The CAG report had referred to the Public Accounts Committee (PAC) of parliament, which cross-examined the representative of the IT department. The PAC found no valid reason why the IT department could not make broad estimates of the interest liability on tax refunds based on trends of the past and seek excess grants where estimation fell short of parliamentary authorization.

The PAC recommended that the ministry of finance follow prescribed procedure and seek ex-post facto or ex-ante approval of parliament. But to its deep dismay, the IT department referred the matter to the attorney general (AG) who did a complete volte face and opined, inter alia, that “refund on excess tax is not expenditure and such outgo cannot be considered with other operational expenses, and interest on refund of excess tax is not seen as expenditure under Article 112(1).”

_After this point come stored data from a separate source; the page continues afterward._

text \<open>The integral of s^2 (a + b s) \<phi> s over [0, x] plus that of (1 - s)^2 (c + d s) \<phi> s
  over [x, 1], written through integrals starting at 0 so that it can be differentiated in x
  when a, b, c, d depend on x.\<close>
definition kernel_integral ::
  "real \<Rightarrow> real \<Rightarrow> real \<Rightarrow> real \<Rightarrow> (real \<Rightarrow> real) \<Rightarrow> real \<Rightarrow> real" where
  "kernel_integral a b c d \<phi> x =
     a * weighted_integral (\<lambda>s. s^2) \<phi> x + b * weighted_integral (\<lambda>s. s^3) \<phi> x
     + c * (weighted_integral (\<lambda>s. (1 - s)^2) \<phi> 1 - weighted_integral (\<lambda>s. (1 - s)^2) \<phi> x)
     + d * (weighted_integral (\<lambda>s. s * (1 - s)^2) \<phi> 1
            - weighted_integral (\<lambda>s. s * (1 - s)^2) \<phi> x)"

lemma weighted_integral_diff:
  assumes "continuous_on {0..1} w" "continuous_on {0..1} \<phi>" "continuous_on {0..1} \<gamma>"
    and "x \<in> {0..1}"
  shows "weighted_integral w (\<lambda>s. \<phi> s - \<gamma> s) x = weighted_integral w \<phi> x - weighted_integral w \<gamma> x"
proof -
  have sub: "{0..x} \<subseteq> {0..1}" using assms(4) by auto
  have "(\<lambda>s. w s * \<phi> s) integrable_on {0..x}" "(\<lambda>s. w s * \<gamma> s) integrable_on {0..x}"
    by (intro integrable_continuous_interval continuous_on_mult continuous_on_subset[OF _ sub] assms)+
  then show ?thesis
    unfolding weighted_integral_def by (simp add: right_diff_distrib integral_diff)
qed

lemma weighted_integral_cong:
  assumes "\<And>s. s \<in> {0..1} \<Longrightarrow> \<phi> s = \<gamma> s" "x \<in> {0..1}"
  shows "weighted_integral w \<phi> x = weighted_integral w \<gamma> x"
  unfolding weighted_integral_def
proof (rule integral_cong)
  fix s assume "s \<in> {0..x}"
  with assms show "w s * \<phi> s = w s * \<gamma> s" by auto
qed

Flummoxed, the PAC issued a notice again to the IT department and decided to orally examine the AG. The PAC reiterated that interest payments on tax refunds must be shown in the annual financial statement or budget. Further, it said that no money shall be withdrawn from the CFI except under appropriation made by law and in the manner provided in the constitution.

Incidentally, Rule 8 of the Delegation of Financial Powers Rules, 1978, enumerates categories of expenditure. Along with salaries, medical treatment, etc, ‘interest’ is also classified as expenditure. Interest payments are the second largest component of revenue expenditure. These include payment of interest on public debt, insurance and pension funds, provident funds, reserve funds, deposits, interest on special securities issued to various central public enterprises and interest payment on borrowing. Every year, the government approximately incurs 5-7 per cent of the total expenditure on interest payments.

PAC’s examination also revealed that from 2000 to 2012, as much as 70-81 percent of the total disbursements for ministries/departments was charged on the CFI and this increased by 948 percent, i.e. from Rupees 4,05,289 crore in 2000-2001 to Rupees 38,40,960 crore in 2011-12. If such a large amount of expenditure can be charged on the CFI and withdrawn with the approval of parliament, there was no valid reason why the finance ministry should not make budgetary provisions for the expenditure on interest payment on refunds while submitting the Demands for Grants for approval by parliament.

For its work, the Constitution Review Commission hailed the PAC as the conscience-keeper of the nation in financial matters. Nothing should be done to dilute the authority or supremacy of parliament. Hopefully, the new government will give due weightage to PAC recommendations to reinstate parliamentary control over the public purse.